(Saved data entries)
== == ==

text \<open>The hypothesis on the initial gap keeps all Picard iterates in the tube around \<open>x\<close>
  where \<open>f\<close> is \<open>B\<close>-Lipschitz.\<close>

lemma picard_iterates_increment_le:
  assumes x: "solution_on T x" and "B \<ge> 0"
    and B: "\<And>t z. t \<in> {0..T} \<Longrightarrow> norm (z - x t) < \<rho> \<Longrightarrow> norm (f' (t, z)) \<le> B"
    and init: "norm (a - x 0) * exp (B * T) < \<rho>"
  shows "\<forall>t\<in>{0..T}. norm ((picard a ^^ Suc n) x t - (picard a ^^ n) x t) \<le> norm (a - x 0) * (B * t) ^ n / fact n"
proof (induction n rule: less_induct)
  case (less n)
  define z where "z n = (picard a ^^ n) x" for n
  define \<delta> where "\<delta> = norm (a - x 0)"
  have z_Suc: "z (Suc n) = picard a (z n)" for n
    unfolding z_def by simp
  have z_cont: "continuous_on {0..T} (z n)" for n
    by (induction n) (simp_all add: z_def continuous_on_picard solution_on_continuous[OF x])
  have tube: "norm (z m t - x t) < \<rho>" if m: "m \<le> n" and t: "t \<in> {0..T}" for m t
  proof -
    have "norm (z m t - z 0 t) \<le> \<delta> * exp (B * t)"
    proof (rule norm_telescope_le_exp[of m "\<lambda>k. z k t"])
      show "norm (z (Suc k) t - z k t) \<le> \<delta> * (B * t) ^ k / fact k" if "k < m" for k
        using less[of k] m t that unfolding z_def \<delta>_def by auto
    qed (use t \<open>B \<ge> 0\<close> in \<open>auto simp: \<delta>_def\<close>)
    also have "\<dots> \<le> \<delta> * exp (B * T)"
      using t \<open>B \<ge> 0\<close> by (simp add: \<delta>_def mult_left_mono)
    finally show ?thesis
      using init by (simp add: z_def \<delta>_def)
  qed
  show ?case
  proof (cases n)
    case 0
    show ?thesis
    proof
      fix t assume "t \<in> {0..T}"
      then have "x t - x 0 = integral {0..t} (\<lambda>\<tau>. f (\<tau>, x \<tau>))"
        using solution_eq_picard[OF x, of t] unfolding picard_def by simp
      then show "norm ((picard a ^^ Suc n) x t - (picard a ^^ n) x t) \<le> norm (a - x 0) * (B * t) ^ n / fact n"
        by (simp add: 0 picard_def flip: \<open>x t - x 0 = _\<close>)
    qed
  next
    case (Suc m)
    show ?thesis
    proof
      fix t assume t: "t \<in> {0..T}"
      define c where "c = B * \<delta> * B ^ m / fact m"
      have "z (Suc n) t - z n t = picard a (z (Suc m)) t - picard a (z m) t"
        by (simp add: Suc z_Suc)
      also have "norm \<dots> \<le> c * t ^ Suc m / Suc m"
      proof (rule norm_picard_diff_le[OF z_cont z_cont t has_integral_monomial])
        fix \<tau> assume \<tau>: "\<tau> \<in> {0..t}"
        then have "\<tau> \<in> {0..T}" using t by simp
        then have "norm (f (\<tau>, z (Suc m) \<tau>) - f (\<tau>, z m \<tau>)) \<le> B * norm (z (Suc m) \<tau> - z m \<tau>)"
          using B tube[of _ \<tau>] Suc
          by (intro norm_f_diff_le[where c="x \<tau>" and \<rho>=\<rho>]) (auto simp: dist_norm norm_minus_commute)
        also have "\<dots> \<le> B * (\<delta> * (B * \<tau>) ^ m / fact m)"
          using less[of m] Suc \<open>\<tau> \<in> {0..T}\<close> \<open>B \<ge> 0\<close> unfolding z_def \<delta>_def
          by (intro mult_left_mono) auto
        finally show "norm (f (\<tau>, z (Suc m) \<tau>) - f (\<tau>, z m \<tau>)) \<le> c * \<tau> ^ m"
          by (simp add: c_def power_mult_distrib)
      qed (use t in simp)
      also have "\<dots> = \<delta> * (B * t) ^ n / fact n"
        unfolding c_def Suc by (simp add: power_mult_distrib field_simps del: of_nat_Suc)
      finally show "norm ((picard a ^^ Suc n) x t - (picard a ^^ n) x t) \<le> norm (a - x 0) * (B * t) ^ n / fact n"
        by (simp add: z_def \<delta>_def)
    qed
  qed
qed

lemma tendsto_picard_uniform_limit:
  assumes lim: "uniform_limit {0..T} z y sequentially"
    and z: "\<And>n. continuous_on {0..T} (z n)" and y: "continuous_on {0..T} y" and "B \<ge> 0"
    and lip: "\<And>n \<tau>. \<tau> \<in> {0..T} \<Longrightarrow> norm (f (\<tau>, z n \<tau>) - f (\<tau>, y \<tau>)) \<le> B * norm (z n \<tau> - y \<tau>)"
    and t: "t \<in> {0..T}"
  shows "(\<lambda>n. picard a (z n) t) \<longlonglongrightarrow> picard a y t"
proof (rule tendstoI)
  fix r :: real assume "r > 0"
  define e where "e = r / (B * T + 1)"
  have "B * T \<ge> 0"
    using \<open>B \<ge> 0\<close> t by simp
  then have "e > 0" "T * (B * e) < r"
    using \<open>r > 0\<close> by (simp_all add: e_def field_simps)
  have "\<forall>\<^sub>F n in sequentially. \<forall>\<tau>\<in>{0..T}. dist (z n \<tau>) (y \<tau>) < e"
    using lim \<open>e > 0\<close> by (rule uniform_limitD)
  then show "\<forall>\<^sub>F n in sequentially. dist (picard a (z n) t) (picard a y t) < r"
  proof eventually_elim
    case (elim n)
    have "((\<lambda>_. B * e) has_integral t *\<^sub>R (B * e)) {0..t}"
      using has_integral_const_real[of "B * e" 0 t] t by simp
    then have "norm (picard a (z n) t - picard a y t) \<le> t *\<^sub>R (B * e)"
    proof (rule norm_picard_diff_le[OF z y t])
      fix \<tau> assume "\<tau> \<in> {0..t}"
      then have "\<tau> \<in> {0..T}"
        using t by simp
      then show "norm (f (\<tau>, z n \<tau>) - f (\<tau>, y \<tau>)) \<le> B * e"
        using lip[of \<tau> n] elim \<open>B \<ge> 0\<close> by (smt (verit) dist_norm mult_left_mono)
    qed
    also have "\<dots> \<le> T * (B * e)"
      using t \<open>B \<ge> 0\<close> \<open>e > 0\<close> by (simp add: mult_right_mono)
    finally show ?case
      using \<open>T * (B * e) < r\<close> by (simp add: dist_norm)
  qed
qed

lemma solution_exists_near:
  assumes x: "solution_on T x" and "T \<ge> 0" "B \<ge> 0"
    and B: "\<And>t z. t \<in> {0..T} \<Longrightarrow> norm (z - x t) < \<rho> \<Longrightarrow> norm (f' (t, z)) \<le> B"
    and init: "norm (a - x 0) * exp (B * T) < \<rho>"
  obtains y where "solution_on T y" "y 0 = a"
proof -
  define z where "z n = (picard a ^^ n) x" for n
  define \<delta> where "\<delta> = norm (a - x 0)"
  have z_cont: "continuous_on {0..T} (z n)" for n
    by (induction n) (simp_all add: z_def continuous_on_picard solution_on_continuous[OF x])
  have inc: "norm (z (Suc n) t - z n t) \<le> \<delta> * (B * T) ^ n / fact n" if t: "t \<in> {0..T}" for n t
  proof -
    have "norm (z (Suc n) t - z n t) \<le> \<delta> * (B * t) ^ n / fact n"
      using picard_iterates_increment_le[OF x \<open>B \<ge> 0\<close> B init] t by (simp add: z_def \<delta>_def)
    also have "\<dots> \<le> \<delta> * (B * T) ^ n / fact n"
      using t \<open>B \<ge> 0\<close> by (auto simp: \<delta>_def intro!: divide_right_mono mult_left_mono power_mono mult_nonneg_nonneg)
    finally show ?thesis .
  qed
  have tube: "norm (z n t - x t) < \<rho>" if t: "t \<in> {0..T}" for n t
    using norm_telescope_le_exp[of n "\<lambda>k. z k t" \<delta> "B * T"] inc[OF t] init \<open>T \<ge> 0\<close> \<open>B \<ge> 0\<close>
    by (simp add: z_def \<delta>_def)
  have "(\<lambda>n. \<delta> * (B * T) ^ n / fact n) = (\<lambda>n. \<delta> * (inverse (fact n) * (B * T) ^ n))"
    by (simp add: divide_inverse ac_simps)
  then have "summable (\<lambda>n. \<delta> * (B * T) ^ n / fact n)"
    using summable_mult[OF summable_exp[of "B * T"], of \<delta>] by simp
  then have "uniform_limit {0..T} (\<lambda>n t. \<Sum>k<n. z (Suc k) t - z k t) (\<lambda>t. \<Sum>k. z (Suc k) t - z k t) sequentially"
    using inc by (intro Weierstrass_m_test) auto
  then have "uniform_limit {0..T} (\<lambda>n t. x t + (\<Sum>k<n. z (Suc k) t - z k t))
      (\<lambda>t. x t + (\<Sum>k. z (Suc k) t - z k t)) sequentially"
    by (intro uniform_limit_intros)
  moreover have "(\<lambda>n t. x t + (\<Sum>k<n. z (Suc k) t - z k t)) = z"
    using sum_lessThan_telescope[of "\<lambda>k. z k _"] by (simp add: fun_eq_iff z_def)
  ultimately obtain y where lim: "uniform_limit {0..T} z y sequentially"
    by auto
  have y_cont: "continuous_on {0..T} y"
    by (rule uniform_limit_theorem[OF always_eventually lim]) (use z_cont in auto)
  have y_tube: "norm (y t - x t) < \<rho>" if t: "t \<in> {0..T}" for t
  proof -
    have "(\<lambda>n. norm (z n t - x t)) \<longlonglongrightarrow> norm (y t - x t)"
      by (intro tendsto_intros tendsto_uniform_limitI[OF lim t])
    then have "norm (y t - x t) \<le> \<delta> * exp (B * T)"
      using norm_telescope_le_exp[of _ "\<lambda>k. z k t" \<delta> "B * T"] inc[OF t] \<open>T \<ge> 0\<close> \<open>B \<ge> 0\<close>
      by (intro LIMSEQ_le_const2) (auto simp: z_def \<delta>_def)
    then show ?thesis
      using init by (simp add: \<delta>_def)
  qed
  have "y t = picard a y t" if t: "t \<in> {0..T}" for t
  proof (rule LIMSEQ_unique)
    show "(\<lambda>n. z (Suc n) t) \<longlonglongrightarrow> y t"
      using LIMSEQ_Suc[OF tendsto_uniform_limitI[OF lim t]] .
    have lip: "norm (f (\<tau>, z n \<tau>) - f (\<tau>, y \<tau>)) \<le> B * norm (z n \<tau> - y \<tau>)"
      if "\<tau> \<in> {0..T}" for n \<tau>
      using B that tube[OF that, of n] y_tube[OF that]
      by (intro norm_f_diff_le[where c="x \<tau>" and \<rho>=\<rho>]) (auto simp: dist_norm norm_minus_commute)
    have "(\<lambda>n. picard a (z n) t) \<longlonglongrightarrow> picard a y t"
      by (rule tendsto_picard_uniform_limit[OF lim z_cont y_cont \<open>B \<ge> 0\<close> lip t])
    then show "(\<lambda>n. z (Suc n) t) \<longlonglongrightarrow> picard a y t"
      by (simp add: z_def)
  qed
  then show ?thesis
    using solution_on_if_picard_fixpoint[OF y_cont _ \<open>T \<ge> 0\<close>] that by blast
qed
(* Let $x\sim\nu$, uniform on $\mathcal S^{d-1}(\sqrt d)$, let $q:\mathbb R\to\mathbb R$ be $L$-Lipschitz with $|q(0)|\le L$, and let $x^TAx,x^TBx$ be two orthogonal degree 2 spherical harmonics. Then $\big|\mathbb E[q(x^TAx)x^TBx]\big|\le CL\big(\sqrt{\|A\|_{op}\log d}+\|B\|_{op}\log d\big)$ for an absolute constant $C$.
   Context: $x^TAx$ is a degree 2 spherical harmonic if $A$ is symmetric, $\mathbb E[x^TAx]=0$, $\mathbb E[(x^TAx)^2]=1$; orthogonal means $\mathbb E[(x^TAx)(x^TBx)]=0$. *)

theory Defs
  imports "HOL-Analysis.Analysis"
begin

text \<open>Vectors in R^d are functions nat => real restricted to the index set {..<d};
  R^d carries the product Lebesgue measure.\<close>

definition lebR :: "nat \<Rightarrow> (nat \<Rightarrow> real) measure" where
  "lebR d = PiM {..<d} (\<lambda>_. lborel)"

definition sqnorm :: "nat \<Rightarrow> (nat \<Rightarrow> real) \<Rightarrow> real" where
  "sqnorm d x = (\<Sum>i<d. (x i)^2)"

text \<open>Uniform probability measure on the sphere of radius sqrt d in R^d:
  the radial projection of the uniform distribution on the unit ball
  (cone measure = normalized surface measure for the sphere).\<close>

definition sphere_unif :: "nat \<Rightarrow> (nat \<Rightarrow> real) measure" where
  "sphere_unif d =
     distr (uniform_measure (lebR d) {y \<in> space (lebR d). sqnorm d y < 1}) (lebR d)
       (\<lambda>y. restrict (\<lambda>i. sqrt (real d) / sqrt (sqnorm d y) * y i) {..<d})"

== == ==

WHAT YOU NEED TO DO
From the records above, copy out the line with "t) \<longlonglongrightarrow> y", the line with "(* Let $x\sim\nu$, uniform", and every line between them, word for word.

ANSWER TO THE EXERCISE
    show "(\<lambda>n. z (Suc n) t) \<longlonglongrightarrow> y t"
      using LIMSEQ_Suc[OF tendsto_uniform_limitI[OF lim t]] .
    have lip: "norm (f (\<tau>, z n \<tau>) - f (\<tau>, y \<tau>)) \<le> B * norm (z n \<tau> - y \<tau>)"
      if "\<tau> \<in> {0..T}" for n \<tau>
      using B that tube[OF that, of n] y_tube[OF that]
      by (intro norm_f_diff_le[where c="x \<tau>" and \<rho>=\<rho>]) (auto simp: dist_norm norm_minus_commute)
    have "(\<lambda>n. picard a (z n) t) \<longlonglongrightarrow> picard a y t"
      by (rule tendsto_picard_uniform_limit[OF lim z_cont y_cont \<open>B \<ge> 0\<close> lip t])
    then show "(\<lambda>n. z (Suc n) t) \<longlonglongrightarrow> picard a y t"
      by (simp add: z_def)
  qed
  then show ?thesis
    using solution_on_if_picard_fixpoint[OF y_cont _ \<open>T \<ge> 0\<close>] that by blast
qed
(* Let $x\sim\nu$, uniform on $\mathcal S^{d-1}(\sqrt d)$, let $q:\mathbb R\to\mathbb R$ be $L$-Lipschitz with $|q(0)|\le L$, and let $x^TAx,x^TBx$ be two orthogonal degree 2 spherical harmonics. Then $\big|\mathbb E[q(x^TAx)x^TBx]\big|\le CL\big(\sqrt{\|A\|_{op}\log d}+\|B\|_{op}\log d\big)$ for an absolute constant $C$.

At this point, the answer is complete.